Find an equation of plane that contains the line

[Froster78]

I have looked at previous post that were on similar topics in hopes of not having to create a new post but I seem to be stuck still.

Homework Statement

Find an equation of the Plane that contains the line y=-2x+3 in the plane z=5, and goes through the point (2,-7,23)

Homework Equations

General equation of plane:
f(x,y,z)=mx+ny+c

The Attempt at a Solution

First I set up the equation of a plane using slopes from the equation of the line and values for the point it should pass through

23=-2(2)+n(-7)+3

then solved for y-slope

24=-7n

n=24/7

this gives me the function:

z=-2x-(24y/7)+3

I'm not sure my procedure was correct at all and I can't seem to figure out how to check this. If i plug in the values , I get the right z point, but this only tells me that I did my algebra correct (I hope :-!). I know I'm probably missing a major concept probably but some I cannot seem to make any progress on this problem.

Thanks for the help

 

[Dick]

I have looked at previous post that were on similar topics in hopes of not having to create a new post but I seem to be stuck still.

Homework Statement

Find an equation of the Plane that contains the line y=-2x+3 in the plane z=5, and goes through the point (2,-7,23)

Homework Equations

General equation of plane:
f(x,y,z)=mx+ny+c

The Attempt at a Solution

First I set up the equation of a plane using slopes from the equation of the line and values for the point it should pass through

23=-2(2)+n(-7)+3

then solved for y-slope

24=-7n

n=24/7

this gives me the function:

z=-2x-(24y/7)+3

I'm not sure my procedure was correct at all and I can't seem to figure out how to check this. If i plug in the values , I get the right z point, but this only tells me that I did my algebra correct (I hope :-!). I know I'm probably missing a major concept probably but some I cannot seem to make any progress on this problem.

Thanks for the help

I don't think that's a very good expression for the general equation of a plane. Use ax+by+cz=k, with a,b,c,k all constants. Written in that form (a,b,c) is a normal vector to the plane. You can find a normal vector to the plane by finding two different vectors that are parallel to the plane and taking their cross product. Have you ever done it that way?

 

[lanedance]

I find the easiest way to do it is to use the fact that any vector that lies in the plane will be normal to the plane normal (by definition)

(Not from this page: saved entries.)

(* Consider the infinite-horizon model below and suppose $\epsilon_2\ge0$; fix all parameters other than $\epsilon_1$. (i) There exists $\bar{\epsilon}_{RPE}\in[-\infty,\infty)$ such that for every $\epsilon_1\in\mathbb{R}$, the infinite-horizon model admits an infinite-horizon RPE if and only if $\epsilon_1\ge\bar{\epsilon}_{RPE}$, and the Euler-equation model (same $\beta,\sigma,\lambda,\mu,\psi,p,q,\epsilon_2$) admits an Euler-equation RPE if and only if $\epsilon_1\ge\bar{\epsilon}_{RPE}$; moreover $\bar{\epsilon}_{RPE}=-\infty$ if $q=1$. (ii) Let $\bar{\epsilon}_{REE}\in[-\infty,\infty)$ be the number such that the Euler-equation model admits a rational expectations equilibrium (REE) if and only if $\epsilon_1\ge\bar{\epsilon}_{REE}$. Then $\bar{\epsilon}_{REE}\ge\bar{\epsilon}_{RPE}$ if and only if $p+q\ge1$.
   Context: Parameters: $0<\beta<1$, $\xi\in(0,1)$, $\lambda:=(1-\xi\beta)(1-\xi)/\xi$, $\sigma,\mu>0$, $\psi>1$, $p,q\in(0,1]$ with $(p,q)\neq(1,1)$. The shock $\epsilon_t$ is a two-state Markov chain on $\{\epsilon_1,\epsilon_2\}$ with $\Pr(\epsilon_{t+1}=\epsilon_1\mid\epsilon_t=\epsilon_1)=p$, $\Pr(\epsilon_{t+1}=\epsilon_2\mid\epsilon_t=\epsilon_2)=q$; $\bar q:=(1-p)/(2-p-q)$. Infinite-horizon model: $x_t=-\sigma i_t+\hat E_t\sum_{T\ge t}\beta^{T-t}\big((1-\beta)x_{T+1}+\sigma\pi_{T+1}-\sigma\beta i_{T+1}+\epsilon_T\big)$, $\pi_t=\lambda x_t+\hat E_t\sum_{T\ge t}(\xi\beta)^{T-t}\big(\xi\beta\lambda x_{T+1}+(1-\xi)\beta\pi_{T+1}\big)$, $i_t=\max\{\psi\pi_t,-\mu\}$. An infinite-horizon RPE is a state-contingent vector $(x_j,\pi_j,i_j)$, $j=1,2$, such that the three equations hold in each state $j$ when $\epsilon_t=\epsilon_j$ is observed and agents set $\hat E_t z_T=E(z):=\bar q z_2+(1-\bar q)z_1$ for all $T>t$ and $z\in\{x,\pi,i,\epsilon\}$. Euler-equation model: $x_t=\hat E_t x_{t+1}-\sigma(i_t-\hat E_t\pi_{t+1})+\epsilon_t$, $\pi_t=\lambda x_t+\beta\hat E_t\pi_{t+1}$, $i_t=\max\{\psi\pi_t,-\mu\}$. For $Y_j=(x_j,\pi_j)$ and forecasts $Y^e_j=(x^e_j,\pi^e_j)$, $j=1,2$, $(Y_1,Y_2)$ solves the Euler model given the forecasts if $x_j=x^e_j-\sigma(\max\{\psi\pi_j,-\mu\}-\pi^e_j)+\epsilon_j$, $\pi_j=\lambda x_j+\beta\pi^e_j$ for $j=1,2$. An Euler-equation RPE uses $Y^e_1=Y^e_2=\bar qY_2+(1-\bar q)Y_1$; an REE uses $Y^e_1=pY_1+(1-p)Y_2$, $Y^e_2=(1-q)Y_1+qY_2$. *)

theory Defs
  imports Complex_Main "HOL-Library.Extended_Real"
begin

definition lam :: "real \<Rightarrow> real \<Rightarrow> real" where
  "lam \<beta> \<xi> = (1 - \<xi> * \<beta>) * (1 - \<xi>) / \<xi>"

text \<open>qbar := (1-p)/(2-p-q), the stationary probability of state 2\<close>
definition qbar :: "real \<Rightarrow> real \<Rightarrow> real" where
  "qbar p q = (1 - p) / (2 - p - q)"

definition Eavg :: "real \<Rightarrow> real \<Rightarrow> real \<Rightarrow> real \<Rightarrow> real" where
  "Eavg p q z1 z2 = qbar p q * z2 + (1 - qbar p q) * z1"

text \<open>The three infinite-horizon equations in a state where the shock eps is observed,
  with forecasts Fx, Fpi, Fi, Feps of x, pi, i, eps at all future dates T > t.
  The n-th summand corresponds to T = t + n; at T = t the current shock is known.\<close>
definition ih_eqs ::
  "real \<Rightarrow> real \<Rightarrow> real \<Rightarrow> real \<Rightarrow> real \<Rightarrow> real \<Rightarrow>
   real \<Rightarrow> real \<Rightarrow> real \<Rightarrow> real \<Rightarrow> real \<Rightarrow> real \<Rightarrow> real \<Rightarrow> bool" where
  "ih_eqs \<beta> \<xi> \<sigma> \<mu> \<psi> Fx F\<pi> Fi Feps eps x \<pi> i \<longleftrightarrow>
     x = - \<sigma> * i + (\<Sum>n. \<beta> ^ n * ((1 - \<beta>) * Fx + \<sigma> * F\<pi> - \<sigma> * \<beta> * Fi
                                      + (if n = 0 then eps else Feps))) \<and>
     \<pi> = lam \<beta> \<xi> * x + (\<Sum>n. (\<xi> * \<beta>) ^ n * (\<xi> * \<beta> * lam \<beta> \<xi> * Fx + (1 - \<xi>) * \<beta> * F\<pi>)) \<and>
     i = max (\<psi> * \<pi>) (- \<mu>)"

definition ih_RPE_exists ::
  "real \<Rightarrow> real \<Rightarrow> real \<Rightarrow> real \<Rightarrow> real \<Rightarrow> real \<Rightarrow> real \<Rightarrow> real \<Rightarrow> real \<Rightarrow> bool" where
  "ih_RPE_exists \<beta> \<xi> \<sigma> \<mu> \<psi> p q e1 e2 \<longleftrightarrow>
     (\<exists>x1 \<pi>1 i1 x2 \<pi>2 i2.
        ih_eqs \<beta> \<xi> \<sigma> \<mu> \<psi> (Eavg p q x1 x2) (Eavg p q \<pi>1 \<pi>2) (Eavg p q i1 i2) (Eavg p q e1 e2)
               e1 x1 \<pi>1 i1 \<and>
        ih_eqs \<beta> \<xi> \<sigma> \<mu> \<psi> (Eavg p q x1 x2) (Eavg p q \<pi>1 \<pi>2) (Eavg p q i1 i2) (Eavg p q e1 e2)
               e2 x2 \<pi>2 i2)"

definition euler_solves ::
  "real \<Rightarrow> real \<Rightarrow> real \<Rightarrow> real \<Rightarrow> real \<Rightarrow> real \<Rightarrow> real \<Rightarrow>
   real \<Rightarrow> real \<Rightarrow> real \<Rightarrow> real \<Rightarrow> real \<Rightarrow> real \<Rightarrow> real \<Rightarrow> real \<Rightarrow> bool" where
  "euler_solves \<beta> la \<sigma> \<mu> \<psi> e1 e2 x1 \<pi>1 x2 \<pi>2 xe1 \<pi>e1 xe2 \<pi>e2 \<longleftrightarrow>
     x1 = xe1 - \<sigma> * (max (\<psi> * \<pi>1) (- \<mu>) - \<pi>e1) + e1 \<and> \<pi>1 = la * x1 + \<beta> * \<pi>e1 \<and>
     x2 = xe2 - \<sigma> * (max (\<psi> * \<pi>2) (- \<mu>) - \<pi>e2) + e2 \<and> \<pi>2 = la * x2 + \<beta> * \<pi>e2"

definition euler_RPE_exists ::
  "real \<Rightarrow> real \<Rightarrow> real \<Rightarrow> real \<Rightarrow> real \<Rightarrow> real \<Rightarrow> real \<Rightarrow> real \<Rightarrow> real \<Rightarrow> bool" where
  "euler_RPE_exists \<beta> la \<sigma> \<mu> \<psi> p q e1 e2 \<longleftrightarrow>
     (\<exists>x1 \<pi>1 x2 \<pi>2.
        euler_solves \<beta> la \<sigma> \<mu> \<psi> e1 e2 x1 \<pi>1 x2 \<pi>2
          (Eavg p q x1 x2) (Eavg p q \<pi>1 \<pi>2) (Eavg p q x1 x2) (Eavg p q \<pi>1 \<pi>2))"

definition euler_REE_exists ::
  "real \<Rightarrow> real \<Rightarrow> real \<Rightarrow> real \<Rightarrow> real \<Rightarrow> real \<Rightarrow> real \<Rightarrow> real \<Rightarrow> real \<Rightarrow> bool" where
  "euler_REE_exists \<beta> la \<sigma> \<mu> \<psi> p q e1 e2 \<longleftrightarrow>
     (\<exists>x1 \<pi>1 x2 \<pi>2.
        euler_solves \<beta> la \<sigma> \<mu> \<psi> e1 e2 x1 \<pi>1 x2 \<pi>2
          (p * x1 + (1 - p) * x2) (p * \<pi>1 + (1 - p) * \<pi>2)
          ((1 - q) * x1 + q * x2) ((1 - q) * \<pi>1 + q * \<pi>2))"

end

theory Submission
  imports Defs
begin

(* Eliminating the output gaps reduces both RPE notions and the REE to two equations in the state
   inflation rates: the IS equations averaged under the stationary weight w = qbar p q, where every
   forecast cancels, and their difference across the states, whose slope kappa records how
   forecasts respond to the state. RPE forecasts give kappa = 1/lambda; rational forecasts give the
   same formula at the persistence rho = p + q - 1, and it lies in (-sigma, 1/lambda] exactly when
   rho >= 0. Splitting the policy rule at its kink, the averaged equation bounds e1 from below by a
   threshold that is strictly decreasing in kappa, and the intermediate value theorem along the
   inverse of the difference equation shows that the bound suffices. Comparing the thresholds for
   the two slopes gives part (ii). *)

section \<open>The reduced system\<close>

definition zlb_kink :: "real \<Rightarrow> real \<Rightarrow> real" where
  "zlb_kink \<mu> \<psi> = - \<mu> / \<psi>"

(* The minimum over pi of sigma * (max (psi * pi) (- mu) - pi), attained at the kink. *)
definition real_rate_min :: "real \<Rightarrow> real \<Rightarrow> real \<Rightarrow> real" where
  "real_rate_min \<sigma> \<mu> \<psi> = \<sigma> * (\<mu> / \<psi> - \<mu>)"

lemma policy_rate_split:
  assumes "\<psi> > 0"
  shows "max (\<psi> * z) (- \<mu>) = - \<mu> + \<psi> * max (z - zlb_kink \<mu> \<psi>) 0"
proof -
  have "max (\<psi> * z) (- \<mu>) = \<psi> * max z (zlb_kink \<mu> \<psi>)"
    using assms by (simp add: max_mult_distrib_left zlb_kink_def)
  also have "\<dots> = - \<mu> + \<psi> * max (z - zlb_kink \<mu> \<psi>) 0"
    using assms by (simp add: max_def zlb_kink_def algebra_simps)
  finally show ?thesis .
qed

lemma real_rate_split:
  assumes "\<psi> > 0"
  shows "\<sigma> * (max (\<psi> * z) (- \<mu>) - z) = real_rate_min \<sigma> \<mu> \<psi>
    + \<sigma> * ((\<psi> - 1) * max (z - zlb_kink \<mu> \<psi>) 0 + max (zlb_kink \<mu> \<psi> - z) 0)"
proof -
  have "z = zlb_kink \<mu> \<psi> + max (z - zlb_kink \<mu> \<psi>) 0 - max (zlb_kink \<mu> \<psi> - z) 0"
    by (simp add: max_def)
  then show ?thesis
    using assms unfolding policy_rate_split[OF assms] real_rate_min_def zlb_kink_def
    by (simp add: field_simps) algebra
qed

If n is normal to the plane and if you have a point in the plane q=(u,v,w), now any and take any other point in the plane p=(x,y,z), the vector formed by the difference (p-q) between the points will be parallel to the plane.

The difference between every point outside the plane and p will give a vector that is not parallel to te hplane

the points in the plane p are exactly the ones given by
(p-q) \bullet n = 0

 

[Froster78]

Yeah, I agree that vectors would be the best way to do this. Unfortunately we are supposed to use the "non vector" method. Although I am comfortable with vectors for the most part the class has just started teaching them. I think I see where I was wrong. I believe the equation that i need to use is:

z=m(x-x_0) + n(y-y_0) + z_0 that would give...

z = m(x-2) + n(y+7) + 23

I'm still not sure how to check the work... If I plug in 5 for z, should i get the equation of the line after solving for y?

 

[Dick]

Yeah, I agree that vectors would be the best way to do this. Unfortunately we are supposed to use the "non vector" method. Although I am comfortable with vectors for the most part the class has just started teaching them. I think I see where I was wrong. I believe the equation that i need to use is:

z=m(x-x_0) + n(y-y_0) + z_0 that would give...

z = m(x-2) + n(y+7) + 23

I'm still not sure how to check the work... If I plug in 5 for z, should i get the equation of the line after solving for y?

Ok, I think that form will work. But you still need to find m and n. Plug in a couple of points on the line y=-2x+3 in the plane z=5 and try to solve for m and n.